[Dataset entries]
● ● ●

lemma sum_ln_le_card_mult_ln_mean:
  fixes x :: "'i \<Rightarrow> real"
  assumes I: "finite I" "I \<noteq> {}" and x: "\<And>i. i \<in> I \<Longrightarrow> 0 < x i"
  shows "(\<Sum>i\<in>I. ln (x i)) \<le> card I * ln ((\<Sum>i\<in>I. x i) / card I)"
proof -
  have card: "0 < real (card I)"
    using I by (simp add: card_gt_0_iff)
  have "(\<Sum>i\<in>I. (1 / card I) * ln (x i)) \<le> ln (\<Sum>i\<in>I. (1 / card I) *\<^sub>R x i)"
    using x card by (intro concave_on_sum[OF I ln_concave]) auto
  then have "(1 / card I) * (\<Sum>i\<in>I. ln (x i)) \<le> ln ((\<Sum>i\<in>I. x i) / card I)"
    by (simp add: sum_distrib_left sum_divide_distrib)
  with card show ?thesis
    by (simp add: field_simps)
qed

lemma weight_sum_eq_1:
  assumes "\<And>i. i < n \<Longrightarrow> 0 < 1 + l * (t \<bullet> y i)" and "0 < n"
  shows "(\<Sum>i<n. weight l n y t i) = 1"
proof -
  have "0 < (\<Sum>j<n. 1 / (1 + l * (t \<bullet> y j)))"
    using assms by (intro sum_pos) auto
  then show ?thesis
    unfolding weight_def sum_divide_distrib[symmetric] by simp
qed

lemma weight_pos:
  assumes "\<And>i. i < n \<Longrightarrow> 0 < 1 + l * (t \<bullet> y i)" and "i < n"
  shows "0 < weight l n y t i"
proof -
  have "0 < (\<Sum>j<n. 1 / (1 + l * (t \<bullet> y j)))"
    using assms by (intro sum_pos) auto
  with assms show ?thesis
    by (simp add: weight_def)
qed

lemma weighted_sum_affine:
  assumes "\<And>i. i < n \<Longrightarrow> 0 < 1 + l * (t \<bullet> y i)" and "0 < n"
  shows "(\<Sum>i<n. weight l n y t i * (1 + l * (s \<bullet> y i)))
           = 1 + l * (s \<bullet> (\<Sum>i<n. weight l n y t i *\<^sub>R y i))"
  using weight_sum_eq_1[OF assms]
  by (simp add: distrib_left sum.distrib inner_sum_right sum_distrib_left mult.left_commute)

lemma weighted_mean_denom_pos:
  assumes "\<And>i. i < n \<Longrightarrow> 0 < 1 + l * (t \<bullet> y i)" and "0 < n"
    and "\<And>i. i < n \<Longrightarrow> 0 < 1 + l * (s \<bullet> y i)"
  shows "0 < 1 + l * (s \<bullet> (\<Sum>i<n. weight l n y t i *\<^sub>R y i))"
proof -
  have "0 < (\<Sum>i<n. weight l n y t i * (1 + l * (s \<bullet> y i)))"
    using assms weight_pos[OF assms(1)] by (intro sum_pos) auto
  then show ?thesis
    by (simp add: weighted_sum_affine[OF assms(1,2)])
qed

lemma weighted_mean_in_convex:
  assumes "convex C" and "0 < n" and "\<And>i. i < n \<Longrightarrow> y i \<in> C"
    and "\<And>i. i < n \<Longrightarrow> 0 < 1 + l * (t \<bullet> y i)"
  shows "(\<Sum>i<n. weight l n y t i *\<^sub>R y i) \<in> C"
proof (rule convex_sum[OF _ assms(1)])
  show "(\<Sum>i<n. weight l n y t i) = 1"
    by (rule weight_sum_eq_1[OF assms(4,2)])
  show "0 \<le> weight l n y t i" if "i \<in> {..<n}" for i
    using weight_pos[OF assms(4)] that by (simp add: less_imp_le)
qed (use assms(3) in auto)

lemma average_base_ratio:
  assumes t: "\<And>i. i < n \<Longrightarrow> 0 < 1 + l * (t \<bullet> y i)" and n: "0 < n"
  defines "\<eta> \<equiv> \<Sum>i<n. weight l n y t i *\<^sub>R y i"
  shows "(\<Sum>i<n. (1 + l * (s \<bullet> y i)) / (1 + l * (t \<bullet> y i))) / n
           = (1 + l * (s \<bullet> \<eta>)) / (1 + l * (t \<bullet> \<eta>))"
proof -
  define A where "A = (\<Sum>j<n. 1 / (1 + l * (t \<bullet> y j)))"
  have A: "0 < A"
    using t n by (auto simp: A_def intro!: sum_pos)
  have ratio_sum: "(\<Sum>i<n. (1 + l * (r \<bullet> y i)) / (1 + l * (t \<bullet> y i))) = A * (1 + l * (r \<bullet> \<eta>))"
    for r
  proof -
    have "(\<Sum>i<n. (1 + l * (r \<bullet> y i)) / (1 + l * (t \<bullet> y i))) / A
        = (\<Sum>i<n. weight l n y t i * (1 + l * (r \<bullet> y i)))"
      by (simp add: sum_divide_distrib weight_def A_def)
    also have "\<dots> = 1 + l * (r \<bullet> \<eta>)"
      by (simp add: weighted_sum_affine[OF t n] \<eta>_def)
    finally show ?thesis
      using A by (simp add: field_simps)
  qed
  have "(\<Sum>i<n. (1 + l * (t \<bullet> y i)) / (1 + l * (t \<bullet> y i))) = (\<Sum>i<n. 1)"
    using t by (intro sum.cong) (simp_all add: less_imp_neq[symmetric])
  then show ?thesis
    using ratio_sum[of s] ratio_sum[of t] A n by simp
qed

lemma loglik_eq:
  "loglik l \<phi> n y s = (1 / l) * (\<Sum>i<n. ln (1 + l * (s \<bullet> y i))) - n * \<phi> s"
  by (simp add: loglik_def sum_subtractf sum_distrib_left)
lemma card_X_char_coeffs:
  assumes p: "prime p"
  shows "card (X_char_coeffs n p) \<le> (n - 1) * p ^ (n - 2)"
proof -
  have p1: "1 < int p"
    using prime_gt_1_nat[OF p] by simp
  have card_d: "card ({a \<in> Fp_vecs d p. a 0 = 1} \<times> {b \<in> Fp_vecs (n - d) p. b 0 = (-1) ^ n mod int p})
      = p ^ (n - 2)" if "d \<in> {1..n - 1}" for d
  proof -
    have d: "0 < d" "0 < n - d"
      using that by auto
    have "card {a \<in> Fp_vecs d p. a 0 = 1} = p ^ (d - 1)"
      using card_Fp_vecs_fix_coord[OF d(1), of 1 p] p1 by simp
    moreover have "card {b \<in> Fp_vecs (n - d) p. b 0 = (-1) ^ n mod int p} = p ^ (n - d - 1)"
      using card_Fp_vecs_fix_coord[OF d(2), of "(-1) ^ n mod int p" p] p1 by simp
    moreover have "d - 1 + (n - d - 1) = n - 2"
      using that by auto
    ultimately show ?thesis
      by (metis card_cartesian_product power_add)
  qed
  have "card (X_char_coeffs n p) \<le> card (\<Union>d\<in>{1..n - 1}.
    (\<lambda>(a, b). coeffs_mod n p (monic_of_coeffs d a * monic_of_coeffs (n - d) b))
      ` ({a \<in> Fp_vecs d p. a 0 = 1} \<times> {b \<in> Fp_vecs (n - d) p. b 0 = (-1) ^ n mod int p}))"
    by (intro card_mono X_char_coeffs_subset[OF p]) auto
  also have "\<dots> \<le> (\<Sum>d\<in>{1..n - 1}. card
      ({a \<in> Fp_vecs d p. a 0 = 1} \<times> {b \<in> Fp_vecs (n - d) p. b 0 = (-1) ^ n mod int p}))"
    by (intro order_trans[OF card_UN_le] sum_mono card_image_le) auto
  also have "\<dots> = (\<Sum>d\<in>{1..n - 1}. p ^ (n - 2))"
    by (rule sum.cong[OF refl card_d])
  also have "\<dots> = (n - 1) * p ^ (n - 2)"
    by simp
  finally show ?thesis .
qed

lemma coeff_char_poly_0:
  assumes A: "(A :: int mat) \<in> carrier_mat n n"
  shows "coeff (char_poly A) 0 = (-1) ^ n * det A"
proof -
  have "poly (det (char_poly_matrix A)) 0 = det ((-1) \<cdot>\<^sub>m A)"
    by (rule poly_det_cong[of _ n]) (use A in \<open>auto simp: char_poly_matrix_index\<close>)
  then show ?thesis
    using A by (simp add: char_poly_def poly_0_coeff_0 det_smult)
qed

lemma coeffs_mod_char_poly_X_p:
  assumes p: "prime p" and X: "A \<in> X_p n p"
  shows "coeffs_mod n p (char_poly A) \<in> X_char_coeffs n p"
proof -
  let ?c = "coeffs_mod n p (char_poly A)"
  obtain q where q: "lead_coeff q = 1" "1 \<le> degree q" "degree q \<le> n - 1" "coeff q 0 = 1"
    and "dvd_mod_p p q (char_poly A)"
    using X unfolding X_p_def by blast
  then obtain r where r: "\<And>i. [coeff (char_poly A) i = coeff (q * r) i] (mod int p)"
    unfolding dvd_mod_p_def by blast
  have A: "A \<in> carrier_mat n n" and det: "[det A = 1] (mod int p)"
    using X by (auto simp: X_p_def SL_Fp_def Fp_mats_def)
  have cp: "lead_coeff (char_poly A) = 1" "degree (char_poly A) = n"
    using degree_monic_char_poly[OF A] by auto
  have "0 < n"
    using q(2,3) by simp
  have "[(-1) ^ n * det A = (-1) ^ n * 1] (mod int p)"
    by (intro cong_mult cong_refl det)
  then have "?c 0 = (-1) ^ n mod int p"
    using \<open>0 < n\<close> by (simp add: coeffs_mod_def coeff_char_poly_0[OF A] cong_def)
  moreover have "dvd_mod_p p q (monic_of_coeffs n ?c)"
    unfolding dvd_mod_p_def
    using cong_trans[OF cong_sym[OF cong_monic_of_coeffs_mod[OF cp]] r] by blast
  moreover have "?c \<in> Fp_vecs n p"
    using p by (simp add: coeffs_mod_Fp_vecs prime_gt_0_nat)
  ultimately show ?thesis
    using q by (auto simp: X_char_coeffs_def)
qed

lemma dvd_det_mult_if_dvd_mult_mat_vec:
  fixes L :: "int mat"
  assumes L: "L \<in> carrier_mat n n" and w: "w \<in> carrier_vec n"
    and dvd: "\<And>k. k < n \<Longrightarrow> m dvd (L *\<^sub>v w) $ k" and j: "j < n"
  shows "m dvd det L * w $ j"
proof -
  have "det L * w $ j = ((det L \<cdot>\<^sub>m 1\<^sub>m n) *\<^sub>v w) $ j"
    using w j by simp
  also have "\<dots> = (adj_mat L *\<^sub>v (L *\<^sub>v w)) $ j"
    using adj_mat[OF L] L w by (metis assoc_mult_mat_vec)
  also have "\<dots> = (\<Sum>k<n. adj_mat L $$ (j, k) * (L *\<^sub>v w) $ k)"
    using adj_mat(1)[OF L] L j by (simp add: scalar_prod_def atLeast0LessThan)
  also have "m dvd \<dots>"
    using dvd by (intro dvd_sum dvd_mult) auto
  finally show ?thesis .
qed

text \<open>The coefficients of the characteristic polynomial are affine in z with linear part
  \<open>cp_coeff_mat n y\<close>, which the adjugate inverts modulo p.\<close>
lemma inj_on_coeffs_mod_char_poly:
  assumes p: "prime p" and n: "0 < n" and L: "\<not> int p dvd det (cp_coeff_mat n y)"
  shows "inj_on (\<lambda>z. coeffs_mod n p (char_poly (mat_of_parts n y z))) (Fp_vecs n p)"
proof (rule inj_onI)
  fix z z' assume z: "z \<in> Fp_vecs n p" and z': "z' \<in> Fp_vecs n p"
    and eq: "coeffs_mod n p (char_poly (mat_of_parts n y z))
      = coeffs_mod n p (char_poly (mat_of_parts n y z'))"
  let ?L = "cp_coeff_mat n y" and ?w = "vec n z - vec n z'"
  have L_carrier: "?L \<in> carrier_mat n n"
    by (simp add: cp_coeff_mat_def)
  have "int p dvd (?L *\<^sub>v ?w) $ k" if k: "k < n" for k
  proof -
    have "coeff (char_poly (mat_of_parts n y z)) k mod int p
        = coeff (char_poly (mat_of_parts n y z')) k mod int p"
      using fun_cong[OF eq, of k] k by (simp add: coeffs_mod_def)
    then have "int p dvd (?L *\<^sub>v vec n z') $ k - (?L *\<^sub>v vec n z) $ k"
      using k n by (simp add: coeff_char_poly_mat_of_parts_vec mod_eq_dvd_iff)
    then show ?thesis
      using k L_carrier by (simp add: mult_minus_distrib_mat_vec dvd_diff_commute)
  qed
  then have "int p dvd det ?L * ?w $ j" if "j < n" for j
    using that L_carrier by (intro dvd_det_mult_if_dvd_mult_mat_vec) auto
  then have "int p dvd z j - z' j" if "j < n" for j
    using that p L prime_dvd_mult_iff[of "int p"] by fastforce
  then show "z = z'"
    using z z' by (intro Fp_vecs_eq_if_cong) (simp_all add: cong_iff_dvd_diff)
qed

lemma card_X_fiber_good:
  assumes p: "prime p" and n: "0 < n" and L: "\<not> int p dvd det (cp_coeff_mat n y)"
  shows "card {z \<in> Fp_vecs n p. mat_of_parts n y z \<in> X_p n p} \<le> card (X_char_coeffs n p)"
proof (rule card_inj_on_le)
  show "inj_on (\<lambda>z. coeffs_mod n p (char_poly (mat_of_parts n y z)))
      {z \<in> Fp_vecs n p. mat_of_parts n y z \<in> X_p n p}"
    by (rule inj_on_subset[OF inj_on_coeffs_mod_char_poly[OF p n L]]) auto
  show "(\<lambda>z. coeffs_mod n p (char_poly (mat_of_parts n y z)))
      ` {z \<in> Fp_vecs n p. mat_of_parts n y z \<in> X_p n p} \<subseteq> X_char_coeffs n p"
    using coeffs_mod_char_poly_X_p[OF p] by auto
  show "finite (X_char_coeffs n p)"
    by (rule finite_subset[of _ "Fp_vecs n p"]) (auto simp: X_char_coeffs_def)
qed

lemma card_X_fiber_le:
  assumes p: "prime p" and n: "0 < n"
  shows "card {z \<in> Fp_vecs n p. mat_of_parts n y z \<in> X_p n p} \<le> p ^ (n - 1)"
proof -
  have "card {z \<in> Fp_vecs n p. mat_of_parts n y z \<in> X_p n p}
      \<le> card {z \<in> Fp_vecs n p. [(\<Sum>i<n. z i * det_cofactor n y i) = 1] (mod int p)}"
    by (rule card_mono) (auto simp: X_p_def SL_Fp_def det_mat_of_parts[OF n])
  also have "\<dots> \<le> p ^ (n - 1)"
    by (rule card_linear_cong_solutions_le[OF p])
  finally show ?thesis .
qed

lemma card_X_p_le:
  assumes p: "prime p" and n: "2 \<le> n"
  shows "card (X_p n p) * p \<le> (n - 1 + n * (n - 1)) * (p ^ (n * (n - 1)) * p ^ (n - 1))"
proof -
  let ?M = "n * (n - 1)"
  let ?B = "{y \<in> Fp_vecs ?M p. int p dvd det (cp_coeff_mat n y)}"
  have n0: "0 < n"
    using n by simp
  have p1: "1 < p"
    using p prime_gt_1_nat by blast
  have bad: "card ?B * p \<le> ?M * p ^ ?M"
  proof (rule card_zeros_polyfun_mod_prime[OF polyfun_det_cp_coeff_mat p])
    show "companion_block n \<in> Fp_vecs ?M p"
      unfolding companion_block_def using p1 by (rule zero_one_vec_Fp_vecs)
    show "\<not> int p dvd det (cp_coeff_mat n (companion_block n))"
      using p1 by (simp add: cp_coeff_mat_companion_block[OF n0])
  qed
  have "card (X_p n p) = card {A \<in> Fp_mats n p. A \<in> X_p n p}"
    by (rule arg_cong[where f = card]) (auto simp: X_p_def SL_Fp_def)
  also have "\<dots> = (\<Sum>y\<in>Fp_vecs ?M p. card {z \<in> Fp_vecs n p. mat_of_parts n y z \<in> X_p n p})"
    by (rule card_Fp_mats_filter)
  also have "\<dots> \<le> p ^ (n - 1) * card ?B + card (X_char_coeffs n p) * card (Fp_vecs ?M p)"
  proof (rule sum_le_if_bounds)
    fix y
    show "card {z \<in> Fp_vecs n p. mat_of_parts n y z \<in> X_p n p}
        \<le> (if int p dvd det (cp_coeff_mat n y) then p ^ (n - 1) else card (X_char_coeffs n p))"
      using card_X_fiber_le[OF p n0, of y] card_X_fiber_good[OF p n0, of y] by simp
  qed simp
  also have "\<dots> \<le> p ^ (n - 1) * card ?B + (n - 1) * p ^ (n - 2) * p ^ ?M"
    using card_X_char_coeffs[OF p, of n] by (simp add: card_Fp_vecs)
  finally have "card (X_p n p) * p \<le> (p ^ (n - 1) * card ?B + (n - 1) * p ^ (n - 2) * p ^ ?M) * p"
    by simp
  also have "\<dots> = p ^ (n - 1) * (card ?B * p) + (n - 1) * (p ^ (n - 2) * p) * p ^ ?M"
    by (simp add: algebra_simps)
  also have "\<dots> \<le> p ^ (n - 1) * (?M * p ^ ?M) + (n - 1) * (p ^ (n - 2) * p) * p ^ ?M"
    using bad by simp
  also have "\<dots> = (n - 1 + ?M) * (p ^ ?M * p ^ (n - 1))"
  proof -
    have "n - 1 = Suc (n - 2)"
      using n by simp
    then have "p ^ (n - 2) * p = p ^ (n - 1)"
      by (metis power_Suc2)
    then show ?thesis
      by (simp add: algebra_simps)
  qed
  finally show ?thesis .
qed
(* Let $m\ge1$ and, for each $i\in[m]$, observe $X_{ij}=\mu_{xi}+\epsilon_{xij}$, $j\in[n_{xi}]$, and $Y_{ij}=\mu_{yi}+\epsilon_{yij}$, $j\in[n_{yi}]$, with $\mathbb{E}\epsilon_{xij}=\mathbb{E}\epsilon_{yij}=0$, unknown constants $\mu_{xi},\mu_{yi}$, and $n_{xi}\ge4$, $n_{yi}\ge4$. Let $\mathcal{H}_0=\{i:\mu_{xi}=\mu_{yi}\}$, $\mathbf{X}_i=(X_{ij}:j\in[n_{xi}])$, $\mathbf{Y}_i=(Y_{ij}:j\in[n_{yi}])$ and $\mathbf{K}_{-i}=(\mathbf{X}_k,\mathbf{Y}_k:k\ne i)$. Assume that for every $i\in\mathcal{H}_0$: conditional on $\mathbf{K}_{-i}$, $\{\epsilon_{xij}\}_j$ is independent of $\{\epsilon_{yij}\}_j$; conditional on $\mathbf{K}_{-i}$, $\{\epsilon_{xij}\}_j$ are i.i.d. and $\{\epsilon_{yij}\}_j$ are i.i.d.; and their conditional densities satisfy $f^{\epsilon}_{xi}(-x\mid\mathbf{K}_{-i})=f^{\epsilon}_{xi}(x\mid\mathbf{K}_{-i})$ and $f^{\epsilon}_{yi}(-y\mid\mathbf{K}_{-i})=f^{\epsilon}_{yi}(y\mid\mathbf{K}_{-i})$. Construct $(T_i,T_i^0)$ as follows. Randomly (independently of the data) partition $[n_{xi}]$ into $\mathcal{N}_{xi1},\mathcal{N}_{xi2}$ of sizes $n_{xi1}=\lceil n_{xi}/2\rceil$, $n_{xi2}=n_{xi}-n_{xi1}$, and $[n_{yi}]$ into $\mathcal{N}_{yi1},\mathcal{N}_{yi2}$ of sizes $n_{yi1}=\lceil n_{yi}/2\rceil$, $n_{yi2}=n_{yi}-n_{yi1}$. For $k=1,2$ let $\bar X_{ik},\bar Y_{ik}$ be the sample means and $S^2_{xik},S^2_{yik}$ the sample variances (divisor size minus one) over $\mathcal{N}_{xik}$, $\mathcal{N}_{yik}$. Let $S^2_{xi}=\frac{(n_{xi1}-1)S^2_{xi1}+(n_{xi2}-1)S^2_{xi2}}{n_{xi}-2}$, $S^2_{yi}=\frac{(n_{yi1}-1)S^2_{yi1}+(n_{yi2}-1)S^2_{yi2}}{n_{yi}-2}$, $V_i=(\bar X_{i1}-\bar Y_{i1})+(\bar X_{i2}-\bar Y_{i2})$, $V_i^0=(\bar X_{i1}-\bar Y_{i1})-(\bar X_{i2}-\bar Y_{i2})$, $S_i=\sqrt{\frac{n_{xi}}{n_{xi1}n_{xi2}}S^2_{xi}+\frac{n_{yi}}{n_{yi1}n_{yi2}}S^2_{yi}}$, and $T_i=\Phi^{-1}\{G_{t,n_{xi}+n_{yi}-4}(V_i/S_i)\}$, $T_i^0=\Phi^{-1}\{G_{t,n_{xi}+n_{yi}-4}(V_i^0/S_i)\}$. Then for every $i\in\mathcal{H}_0$, $$(T_i,T_i^0\mid \mathbf{T}_{-i},\mathbf{T}^0_{-i})\stackrel{d}{=}(T_i^0,T_i\mid \mathbf{T}_{-i},\mathbf{T}^0_{-i}),$$ where $\mathbf{T}_{-i}=(T_k:k\ne i)$ and $\mathbf{T}^0_{-i}=(T^0_k:k\ne i)$.
   Context: $\Phi$ is the standard normal CDF and $G_{t,\nu}$ the CDF of the $t$-distribution with $\nu$ degrees of freedom. *)

theory Defs
  imports "HOL-Probability.Probability"
begin

definition Phi :: "real \<Rightarrow> real" where
  "Phi x = (LBINT t:{..x}. std_normal_density t)"

definition Phi_inv :: "real \<Rightarrow> real" where
  "Phi_inv p = (THE x. Phi x = p)"

definition t_density :: "real \<Rightarrow> real \<Rightarrow> real" where
  "t_density nu x = Gamma ((nu + 1) / 2) / (sqrt (nu * pi) * Gamma (nu / 2))
      * (1 + x\<^sup>2 / nu) powr (- (nu + 1) / 2)"

definition t_cdf :: "real \<Rightarrow> real \<Rightarrow> real" where
  "t_cdf nu x = (LBINT t:{..x}. t_density nu t)"

definition smean :: "nat set \<Rightarrow> (nat \<Rightarrow> real) \<Rightarrow> real" where
  "smean A f = (\<Sum>j\<in>A. f j) / real (card A)"

definition svar :: "nat set \<Rightarrow> (nat \<Rightarrow> real) \<Rightarrow> real" where
  "svar A f = (\<Sum>j\<in>A. (f j - smean A f)\<^sup>2) / (real (card A) - 1)"

text \<open>Split statistics. Arguments: sample sizes nx, ny; first halves Nx1 \<subseteq> {..<nx},
  Ny1 \<subseteq> {..<ny} (the second halves are the complements); sample vectors x, y.\<close>
definition V_stat :: "nat \<Rightarrow> nat \<Rightarrow> nat set \<Rightarrow> nat set \<Rightarrow> (nat \<Rightarrow> real) \<Rightarrow> (nat \<Rightarrow> real) \<Rightarrow> real" where
  "V_stat nx ny Nx1 Ny1 x y =
     (smean Nx1 x - smean Ny1 y) + (smean ({..<nx} - Nx1) x - smean ({..<ny} - Ny1) y)"

definition V0_stat :: "nat \<Rightarrow> nat \<Rightarrow> nat set \<Rightarrow> nat set \<Rightarrow> (nat \<Rightarrow> real) \<Rightarrow> (nat \<Rightarrow> real) \<Rightarrow> real" where
  "V0_stat nx ny Nx1 Ny1 x y =
     (smean Nx1 x - smean Ny1 y) - (smean ({..<nx} - Nx1) x - smean ({..<ny} - Ny1) y)"

definition S_stat :: "nat \<Rightarrow> nat \<Rightarrow> nat set \<Rightarrow> nat set \<Rightarrow> (nat \<Rightarrow> real) \<Rightarrow> (nat \<Rightarrow> real) \<Rightarrow> real" where
  "S_stat nx ny Nx1 Ny1 x y =
     (let Nx2 = {..<nx} - Nx1; Ny2 = {..<ny} - Ny1;
          nx1 = real (card Nx1); nx2 = real (card Nx2);
          ny1 = real (card Ny1); ny2 = real (card Ny2);
          S2x = ((nx1 - 1) * svar Nx1 x + (nx2 - 1) * svar Nx2 x) / (real nx - 2);
          S2y = ((ny1 - 1) * svar Ny1 y + (ny2 - 1) * svar Ny2 y) / (real ny - 2)
      in sqrt (real nx / (nx1 * nx2) * S2x + real ny / (ny1 * ny2) * S2y))"

definition T_stat :: "nat \<Rightarrow> nat \<Rightarrow> nat set \<Rightarrow> nat set \<Rightarrow> (nat \<Rightarrow> real) \<Rightarrow> (nat \<Rightarrow> real) \<Rightarrow> real" where
  "T_stat nx ny Nx1 Ny1 x y =
     Phi_inv (t_cdf (real nx + real ny - 4) (V_stat nx ny Nx1 Ny1 x y / S_stat nx ny Nx1 Ny1 x y))"

definition T0_stat :: "nat \<Rightarrow> nat \<Rightarrow> nat set \<Rightarrow> nat set \<Rightarrow> (nat \<Rightarrow> real) \<Rightarrow> (nat \<Rightarrow> real) \<Rightarrow> real" where
  "T0_stat nx ny Nx1 Ny1 x y =
     Phi_inv (t_cdf (real nx + real ny - 4) (V0_stat nx ny Nx1 Ny1 x y / S_stat nx ny Nx1 Ny1 x y))"

definition valid_partitions :: "nat \<Rightarrow> (nat \<Rightarrow> nat) \<Rightarrow> (nat \<Rightarrow> nat) \<Rightarrow> (nat \<Rightarrow> nat set \<times> nat set) set" where
  "valid_partitions m nx ny = {p. \<forall>k.
      (k < m \<longrightarrow> fst (p k) \<subseteq> {..<nx k} \<and> card (fst (p k)) = nat \<lceil>real (nx k) / 2\<rceil>
                 \<and> snd (p k) \<subseteq> {..<ny k} \<and> card (snd (p k)) = nat \<lceil>real (ny k) / 2\<rceil>)
    \<and> (m \<le> k \<longrightarrow> p k = ({}, {}))}"

definition group_space :: "(nat \<Rightarrow> nat) \<Rightarrow> (nat \<Rightarrow> nat) \<Rightarrow> nat \<Rightarrow> ((nat \<Rightarrow> real) \<times> (nat \<Rightarrow> real)) measure" where
  "group_space nx ny k = PiM {..<nx k} (\<lambda>_. borel) \<Otimes>\<^sub>M PiM {..<ny k} (\<lambda>_. borel)"

end

theory Submission
  imports Defs
begin

(* Under the null mu_xi = mu_yi, reflect the second-half observations of group i about the common
   mean, x |-> 2 mu - x. This keeps the first-half means and all sample variances and negates the
   difference of the second-half means, so it exchanges V_i and V_i^0 while fixing S_i and the
   statistics of the other groups: it swaps T_i and T_i^0. On the errors the reflection is a sign
   flip of some coordinates; since, given K_{-i}, the errors of group i are independent with
   symmetric densities, it preserves the joint law of (K_{-i}, X_i, Y_i). The partition is
   independent of the data and takes finitely many values, so conditioning on it gives the claim. *)

section \<open>Normal and Student t distribution functions\<close>

lemma Phi_eq_cdf: "Phi = cdf std_normal_distribution"
proof
  fix x
  have "Phi x = integral\<^sup>L lborel (\<lambda>t. std_normal_density t *\<^sub>R indicator {..x} t)"
    unfolding Phi_def set_lebesgue_integral_def by (simp add: mult.commute)
  also have "\<dots> = integral\<^sup>L std_normal_distribution (indicator {..x})"
    by (subst integral_density) (auto simp: normal_density_nonneg)
  finally show "Phi x = cdf std_normal_distribution x"
    by (simp add: cdf_def)
qed

lemma real_distribution_std_normal: "real_distribution std_normal_distribution"
  using prob_space_normal_density by (auto simp: real_distribution_def real_distribution_axioms_def)

lemma isCont_Phi: "isCont Phi x"
proof -
  interpret real_distribution std_normal_distribution
    by (rule real_distribution_std_normal)
  have "AE t in lborel. t \<notin> {x}"
    by (intro AE_not_in) (simp add: null_sets_def)
  then have "AE t in lborel. t \<in> {x} \<longrightarrow> std_normal_density t = 0"
    by eventually_elim simp
  then have "{x} \<in> null_sets std_normal_distribution"
    by (subst null_sets_density_iff) auto
  then show ?thesis
    unfolding Phi_eq_cdf by (subst isCont_cdf) (simp add: measure_eq_0_null_sets)
qed

lemma strict_mono_Phi: "strict_mono Phi"
proof
  fix x y :: real
  assume "x < y"
  interpret real_distribution std_normal_distribution
    by (rule real_distribution_std_normal)
  have "prob {x<..y} \<noteq> 0"
  proof
    assume "prob {x<..y} = 0"
    then have "AE t in std_normal_distribution. t \<notin> {x<..y}"
      by (simp add: prob_eq_0)
    then have "AE t in lborel. t \<notin> {x<..y}"
      by (simp add: AE_density normal_density_pos)
    then have "{x<..y} \<in> null_sets lborel"
      using AE_iff_null_sets[of "{x<..y}" lborel] by simp
    with \<open>x < y\<close> show False
      by (simp add: null_sets_def)
  qed
  then have "prob {x<..y} > 0"
    using measure_nonneg[of std_normal_distribution "{x<..y}"] by linarith
  then show "Phi x < Phi y"
    using cdf_diff_eq[OF \<open>x < y\<close>] unfolding Phi_eq_cdf by linarith
qed

lemma Phi_inv_Phi [simp]: "Phi_inv (Phi x) = x"
  unfolding Phi_inv_def using strict_mono_Phi by (auto dest: strict_mono_eq)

● ● ●

### Aim of the task
Pick out the lines above containing the word "noteq", then copy them.

### Task answer
  assumes I: "finite I" "I \<noteq> {}" and x: "\<And>i. i \<in> I \<Longrightarrow> 0 < x i"
  have "prob {x<..y} \<noteq> 0"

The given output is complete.